[Dataset entries]
(* Let $G$ be a finite simple graph and $k\ge 1$ an integer. If $Z_k(G)=k$, then $Z_{k-1}(G)=k$.
   Context: Filling rule: if a filled vertex has exactly one unfilled neighbor (and any number of filled neighbors), that neighbor becomes filled; "applying the filling rule in a subgraph $H$" means applying it with neighborhoods taken in $H$. The $Z_q$-Game on $G$ ($q\ge 0$ an integer): initially all vertices are unfilled; a player repeatedly performs one of the following operations until all vertices are filled: (1) for one token, change any vertex from unfilled to filled; (2) at no cost, apply the filling rule in $G$; (3) if $F$ is the current set of filled vertices and $U_1,\dots,U_k$ are the vertex sets of the connected components of $G[V(G)\setminus F]$ with $k\ge q+1$, the player announces a selection of at least $q+1$ of the $U_i$ to an oracle (an adversary), the oracle returns a nonempty subset $\{U_{i_1},\dots,U_{i_\ell}\}$ of the selected components, and the player may at no cost apply the filling rule in $G[F\cup U_{i_1}\cup\cdots\cup U_{i_\ell}]$. $Z_q(G)$ is the minimum number of tokens with which the player can guarantee that all vertices become filled, regardless of the oracle's responses. *)

theory Defs
  imports Main
begin

definition simple_graph :: "'a set \<Rightarrow> ('a \<Rightarrow> 'a \<Rightarrow> bool) \<Rightarrow> bool" where
  "simple_graph V E \<longleftrightarrow> finite V \<and> (\<forall>x y. E x y \<longrightarrow> E y x)
     \<and> (\<forall>x. \<not> E x x) \<and> (\<forall>x y. E x y \<longrightarrow> x \<in> V \<and> y \<in> V)"

definition components :: "('a \<Rightarrow> 'a \<Rightarrow> bool) \<Rightarrow> 'a set \<Rightarrow> 'a set set" where
  "components E W =
     (\<lambda>x. {y \<in> W. (\<lambda>a b. a \<in> W \<and> b \<in> W \<and> E a b)\<^sup>*\<^sup>* x y}) ` W"

definition fill_step :: "('a \<Rightarrow> 'a \<Rightarrow> bool) \<Rightarrow> 'a set \<Rightarrow> 'a set \<Rightarrow> 'a set \<Rightarrow> bool" where
  "fill_step E H F F' \<longleftrightarrow> (\<exists>u w. u \<in> F \<and> u \<in> H \<and> w \<in> H - F \<and> E u w \<and>
      (\<forall>x \<in> H - F. E u x \<longrightarrow> x = w) \<and> F' = insert w F)"

text \<open>zq_win V E q t F: from the position with filled set F, the player can
  guarantee (against every adversary answer) that all vertices get filled using at most
  t further tokens.\<close>
inductive zq_win :: "'a set \<Rightarrow> ('a \<Rightarrow> 'a \<Rightarrow> bool) \<Rightarrow> nat \<Rightarrow> nat \<Rightarrow> 'a set \<Rightarrow> bool"
  for V E q where
  finished: "F = V \<Longrightarrow> zq_win V E q t F"
| token: "v \<in> V - F \<Longrightarrow> zq_win V E q t (insert v F) \<Longrightarrow> zq_win V E q (Suc t) F"
| force: "fill_step E V F F' \<Longrightarrow> zq_win V E q t F' \<Longrightarrow> zq_win V E q t F"
| adversary_move: "S \<subseteq> components E (V - F) \<Longrightarrow> card S \<ge> q + 1 \<Longrightarrow>
     (\<forall>R. R \<subseteq> S \<and> R \<noteq> {} \<longrightarrow>
        (\<exists>F'. (fill_step E (F \<union> \<Union>R))\<^sup>*\<^sup>* F F' \<and> zq_win V E q t F'))
     \<Longrightarrow> zq_win V E q t F"

definition Zq :: "'a set \<Rightarrow> ('a \<Rightarrow> 'a \<Rightarrow> bool) \<Rightarrow> nat \<Rightarrow> nat" where
  "Zq V E q = (LEAST t. zq_win V E q t {})"

end

theory Submission
  imports Defs
begin

text \<open>Every strategy for \<open>Z\<^sub>k\<close> is a strategy for \<open>Z\<^sub>k\<^sub>-\<^sub>1\<close>, so \<open>Z\<^sub>k\<^sub>-\<^sub>1 \<le> Z\<^sub>k\<close>.
  Conversely, consider a \<open>Z\<^sub>k\<^sub>-\<^sub>1\<close> strategy that uses \<open>t < k\<close> tokens, and call a filled
  vertex active if it has an unfilled neighbour. A token creates at most one new active
  vertex and a forcing step never increases their number, so throughout the play the number of active vertices
  plus the remaining tokens stays at most \<open>k - 1\<close>. Whenever the player announces at
  least \<open>k\<close> components, there are thus more components than active vertices, and the
  oracle can answer with a nonempty subfamily in which every active vertex touching it
  has at least two unfilled neighbours; the filling rule then does nothing. Hence the
  oracle never helps, the same strategy wins \<open>Z\<^sub>k\<close>, and \<open>Z\<^sub>k \<le> t\<close>.\<close>

definition active :: "'a set \<Rightarrow> ('a \<Rightarrow> 'a \<Rightarrow> bool) \<Rightarrow> 'a set \<Rightarrow> 'a set" where
  "active V E F = {x \<in> V \<inter> F. \<exists>y \<in> V - F. E x y}"

lemma finite_active: "finite V \<Longrightarrow> finite (active V E F)"
  unfolding active_def by auto

lemma card_active_insert_le:
  assumes "finite V"
  shows "card (active V E (insert v F)) \<le> card (active V E F) + 1"
proof -
  have "active V E (insert v F) \<subseteq> insert v (active V E F)"
    unfolding active_def by auto
  then have "card (active V E (insert v F)) \<le> card (insert v (active V E F))"
    by (intro card_mono) (simp_all add: finite_active assms)
  also have "\<dots> \<le> card (active V E F) + 1"
    by (simp add: card_insert_if finite_active assms)
  finally show ?thesis .
qed

lemma card_active_fill_step_le:
  assumes "finite V" and "fill_step E V F F'"
  shows "card (active V E F') \<le> card (active V E F)"
proof -
  obtain u w where u: "u \<in> F" "u \<in> V" and w: "w \<in> V - F" "E u w"
    and unique: "\<forall>x \<in> V - F. E u x \<longrightarrow> x = w" and F': "F' = insert w F"
    using assms(2) unfolding fill_step_def by blast
  have u_active: "u \<in> active V E F"
    using u w unfolding active_def by blast
  \<comment> \<open>\<open>u\<close> loses its only unfilled neighbour, while \<open>w\<close> may become active.\<close>
  have "active V E F' \<subseteq> insert w (active V E F - {u})"
  proof
    fix x assume "x \<in> active V E F'"
    then obtain y where "x \<in> V" "x \<in> insert w F" "y \<in> V - insert w F" "E x y"
      unfolding active_def F' by blast
    moreover from this have "x \<noteq> u" using unique by blast
    ultimately show "x \<in> insert w (active V E F - {u})"
      unfolding active_def by blast
  qed
  then have "card (active V E F') \<le> card (insert w (active V E F - {u}))"
    by (intro card_mono) (simp_all add: finite_active assms(1))
  also have "\<dots> \<le> card (active V E F - {u}) + 1"
    by (simp add: card_insert_if finite_active assms(1))
  also have "\<dots> = card (active V E F)"
    using card_Suc_Diff1[OF finite_active[OF assms(1)] u_active] by simp
  finally show ?thesis .
qed

lemma exists_subfamily_without_unique_neighbours:
  fixes N :: "'a \<Rightarrow> 'b \<Rightarrow> bool"
  assumes "finite A" and "finite S" and "card A < card S" and "pairwise disjnt S"
  shows "\<exists>R. R \<subseteq> S \<and> R \<noteq> {} \<and>
    (\<forall>a\<in>A. \<forall>w\<in>\<Union>R. N a w \<longrightarrow> (\<exists>w'\<in>\<Union>R. w' \<noteq> w \<and> N a w'))"
  using assms
proof (induction "card A" arbitrary: A S rule: less_induct)
  case less
  show ?case
  proof (cases "\<forall>a\<in>A. \<forall>w\<in>\<Union>S. N a w \<longrightarrow> (\<exists>w'\<in>\<Union>S. w' \<noteq> w \<and> N a w')")
    case True
    moreover have "S \<noteq> {}" using less.prems(3) by auto
    ultimately show ?thesis by blast
  next
    case False
    then obtain a w where a: "a \<in> A" and w: "w \<in> \<Union>S" "N a w"
      and unique: "\<forall>w'\<in>\<Union>S. N a w' \<longrightarrow> w' = w" by blast
    \<comment> \<open>Drop the member of \<open>S\<close> containing \<open>w\<close>; then \<open>a\<close> has no neighbour left in \<open>\<Union>S'\<close>.\<close>
    define S' where "S' = {U \<in> S. w \<notin> U}"
    obtain U0 where U0: "U0 \<in> S" "w \<in> U0" using w by blast
    have "{U \<in> S. w \<in> U} \<subseteq> {U0}"
      using less.prems(4) U0 unfolding pairwise_def disjnt_def by blast
    then have "card {U \<in> S. w \<in> U} \<le> 1"
      using card_mono[of "{U0}"] by simp
    moreover have "card S \<le> card S' + card {U \<in> S. w \<in> U}"
    proof -
      have "S = S' \<union> {U \<in> S. w \<in> U}" unfolding S'_def by auto
      then show ?thesis by (metis card_Un_le)
    qed
    ultimately have card_S': "card S \<le> card S' + 1" by linarith
    have card_A: "card (A - {a}) + 1 = card A"
      using a less.prems(1) card_Suc_Diff1 by fastforce
    have "pairwise disjnt S'"
      using less.prems(4) unfolding S'_def by (rule pairwise_subset) blast
    moreover have "finite S'" using less.prems(2) unfolding S'_def by simp
    moreover have "card (A - {a}) < card A" "card (A - {a}) < card S'"
      using card_A card_S' less.prems(3) by linarith+
    ultimately obtain R where R: "R \<subseteq> S'" "R \<noteq> {}"
      and two: "\<forall>b\<in>A - {a}. \<forall>x\<in>\<Union>R. N b x \<longrightarrow> (\<exists>w'\<in>\<Union>R. w' \<noteq> x \<and> N b w')"
      using less.hyps[of "A - {a}" S'] less.prems(1) by blast
    have "\<not> N a x" if "x \<in> \<Union>R" for x
      using that R(1) unique unfolding S'_def by auto
    with two have "\<forall>b\<in>A. \<forall>x\<in>\<Union>R. N b x \<longrightarrow> (\<exists>w'\<in>\<Union>R. w' \<noteq> x \<and> N b w')"
      by blast
    moreover have "R \<subseteq> S" using R(1) unfolding S'_def by blast
    ultimately show ?thesis using R(2) by blast
  qed
qed

lemma components_subset: "U \<in> components E W \<Longrightarrow> U \<subseteq> W"
  unfolding components_def by auto

lemma pairwise_disjnt_components:
  assumes "symp E"
  shows "pairwise disjnt (components E W)"
proof (unfold pairwise_def disjnt_def, intro ballI impI)
  let ?r = "\<lambda>a b. a \<in> W \<and> b \<in> W \<and> E a b"
  have "symp ?r" using assms by (auto simp: symp_def)
  fix U U' assume "U \<in> components E W" "U' \<in> components E W" "U \<noteq> U'"
  then obtain x x' where U: "U = {y \<in> W. ?r\<^sup>*\<^sup>* x y}" and U': "U' = {y \<in> W. ?r\<^sup>*\<^sup>* x' y}"
    unfolding components_def by blast
  show "U \<inter> U' = {}"
  proof (rule ccontr)
    assume "U \<inter> U' \<noteq> {}"
    then obtain z where "?r\<^sup>*\<^sup>* x z" "?r\<^sup>*\<^sup>* x' z" unfolding U U' by blast
    then have "?r\<^sup>*\<^sup>* x = ?r\<^sup>*\<^sup>* x'"
      using equivp_rtranclp[OF \<open>symp ?r\<close>] by (simp add: equivp_def)
    then show False using \<open>U \<noteq> U'\<close> unfolding U U' by simp
  qed
qed

lemma zq_win_mono:
  "zq_win V E q t F \<Longrightarrow> q' \<le> q \<Longrightarrow> zq_win V E q' t F"
proof (induction rule: zq_win.induct)
  case (adversary_move S F t)
  then show ?case
    by (intro zq_win.adversary_move[of S]) auto
qed (auto intro: zq_win.intros)

lemma zq_win_any_q_if_few_tokens:
  assumes G: "simple_graph V E"
  shows "zq_win V E q t F \<Longrightarrow> card (active V E F) + t \<le> q \<Longrightarrow> zq_win V E q' t F"
proof (induction rule: zq_win.induct)
  case (finished F t)
  then show ?case by (simp add: zq_win.finished)
next
  case (token v F t)
  have "finite V" using G unfolding simple_graph_def by blast
  then have "card (active V E (insert v F)) \<le> card (active V E F) + 1"
    by (rule card_active_insert_le)
  with token have "zq_win V E q' t (insert v F)" by simp
  then show ?case by (rule zq_win.token[OF token(1)])
next
  case (force F F' t)
  have "finite V" using G unfolding simple_graph_def by blast
  then have "card (active V E F') \<le> card (active V E F)"
    using force(1) by (rule card_active_fill_step_le)
  with force have "zq_win V E q' t F'" by simp
  then show ?case by (rule zq_win.force[OF force(1)])
next
  case (adversary_move S F t)
  have fin_V: "finite V" and sym_E: "symp E" and E_V: "\<And>x y. E x y \<Longrightarrow> x \<in> V"
    using G unfolding simple_graph_def symp_def by blast+
  have "finite S" using adversary_move(2) card.infinite by fastforce
  moreover have "card (active V E F) < card S" using adversary_move(2,4) by linarith
  moreover have "pairwise disjnt S"
    using pairwise_disjnt_components[OF sym_E] adversary_move(1) by (rule pairwise_subset)
  ultimately have "\<exists>R. R \<subseteq> S \<and> R \<noteq> {} \<and>
      (\<forall>a\<in>active V E F. \<forall>w\<in>\<Union>R. E a w \<longrightarrow> (\<exists>w'\<in>\<Union>R. w' \<noteq> w \<and> E a w'))"
    by (intro exists_subfamily_without_unique_neighbours finite_active fin_V)
  then obtain R where R: "R \<subseteq> S" "R \<noteq> {}"
    and two: "\<forall>a\<in>active V E F. \<forall>w\<in>\<Union>R. E a w \<longrightarrow> (\<exists>w'\<in>\<Union>R. w' \<noteq> w \<and> E a w')"
    by blast
  have "R \<subseteq> components E (V - F)" using R(1) adversary_move(1) by (rule order_trans)
  then have R_unfilled: "\<Union>R \<subseteq> V - F" using components_subset by blast
  obtain F' where steps: "(fill_step E (F \<union> \<Union>R))\<^sup>*\<^sup>* F F'"
    and IH: "card (active V E F') + t \<le> q \<longrightarrow> zq_win V E q' t F'"
    using adversary_move(3) R(1,2) by auto
  have stuck: "\<not> fill_step E (F \<union> \<Union>R) F X" for X
  proof
    assume "fill_step E (F \<union> \<Union>R) F X"
    then obtain u w where u: "u \<in> F" and w: "w \<in> \<Union>R" "E u w"
      and unique: "\<forall>x \<in> (F \<union> \<Union>R) - F. E u x \<longrightarrow> x = w"
      unfolding fill_step_def by blast
    have "u \<in> active V E F"
      using u w R_unfilled E_V unfolding active_def by blast
    with two w obtain w' where "w' \<in> \<Union>R" "w' \<noteq> w" "E u w'" by blast
    with unique R_unfilled show False by blast
  qed
  have "F' = F" using steps by (cases rule: converse_rtranclpE) (auto simp: stuck)
  then show ?case using IH adversary_move(4) by simp
qed

lemma zq_win_card_unfilled:
  assumes "finite V"
  shows "F \<subseteq> V \<Longrightarrow> zq_win V E q (card (V - F)) F"
proof (induction "card (V - F)" arbitrary: F rule: less_induct)
  case less
  show ?case
  proof (cases "F = V")
    case True
    then show ?thesis by (simp add: zq_win.finished)
  next
    case False
    then obtain v where v: "v \<in> V - F" using less.prems by blast
    then have card_eq: "card (V - F) = Suc (card (V - insert v F))"
      using assms by (metis Diff_insert card_Suc_Diff1 finite_Diff)
    have "zq_win V E q (card (V - insert v F)) (insert v F)"
      using less.hyps[of "insert v F"] less.prems v card_eq by auto
    then show ?thesis
      unfolding card_eq by (rule zq_win.token[OF v])
  qed
qed

lemma zq_win_Zq:
  assumes "finite V"
  shows "zq_win V E q (Zq V E q) {}"
  unfolding Zq_def using zq_win_card_unfilled[OF assms, of "{}"] by (intro LeastI) simp

lemma Zq_le: "zq_win V E q t {} \<Longrightarrow> Zq V E q \<le> t"
  unfolding Zq_def by (rule Least_le)

theorem corollary2p3:
  fixes V :: "'a set" and E :: "'a \<Rightarrow> 'a \<Rightarrow> bool" and k :: nat
  assumes "simple_graph V E" and "k \<ge> 1" and "Zq V E k = k"
  shows "Zq V E (k - 1) = k"
proof -
  have fin_V: "finite V" using assms(1) unfolding simple_graph_def by simp
  have "zq_win V E (k - 1) k {}"
    using zq_win_Zq[OF fin_V, of E k] assms(3) by (auto intro: zq_win_mono)
  then have upper: "Zq V E (k - 1) \<le> k" by (rule Zq_le)
  have "\<not> Zq V E (k - 1) < k"
  proof
    assume less: "Zq V E (k - 1) < k"
    have "active V E {} = {}" unfolding active_def by simp
    with less have "zq_win V E k (Zq V E (k - 1)) {}"
      by (intro zq_win_any_q_if_few_tokens[OF assms(1) zq_win_Zq[OF fin_V]]) simp
    then have "Zq V E k \<le> Zq V E (k - 1)" by (rule Zq_le)
    with less assms(3) show False by simp
  qed
  with upper show ?thesis by simp
qed

end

(REQUIRED WORK): Retype the records above, but only those lines that fall between the line containing "has at least" and the line containing "fix x assume", with both of those lines included, exactly as written.

(WRITTEN RESPONSE):
  has at least two unfilled neighbours; the filling rule then does nothing. Hence the
  oracle never helps, the same strategy wins \<open>Z\<^sub>k\<close>, and \<open>Z\<^sub>k \<le> t\<close>.\<close>

definition active :: "'a set \<Rightarrow> ('a \<Rightarrow> 'a \<Rightarrow> bool) \<Rightarrow> 'a set \<Rightarrow> 'a set" where
  "active V E F = {x \<in> V \<inter> F. \<exists>y \<in> V - F. E x y}"

lemma finite_active: "finite V \<Longrightarrow> finite (active V E F)"
  unfolding active_def by auto

lemma card_active_insert_le:
  assumes "finite V"
  shows "card (active V E (insert v F)) \<le> card (active V E F) + 1"
proof -
  have "active V E (insert v F) \<subseteq> insert v (active V E F)"
    unfolding active_def by auto
  then have "card (active V E (insert v F)) \<le> card (insert v (active V E F))"
    by (intro card_mono) (simp_all add: finite_active assms)
  also have "\<dots> \<le> card (active V E F) + 1"
    by (simp add: card_insert_if finite_active assms)
  finally show ?thesis .
qed

lemma card_active_fill_step_le:
  assumes "finite V" and "fill_step E V F F'"
  shows "card (active V E F') \<le> card (active V E F)"
proof -
  obtain u w where u: "u \<in> F" "u \<in> V" and w: "w \<in> V - F" "E u w"
    and unique: "\<forall>x \<in> V - F. E u x \<longrightarrow> x = w" and F': "F' = insert w F"
    using assms(2) unfolding fill_step_def by blast
  have u_active: "u \<in> active V E F"
    using u w unfolding active_def by blast
  \<comment> \<open>\<open>u\<close> loses its only unfilled neighbour, while \<open>w\<close> may become active.\<close>
  have "active V E F' \<subseteq> insert w (active V E F - {u})"
  proof
    fix x assume "x \<in> active V E F'"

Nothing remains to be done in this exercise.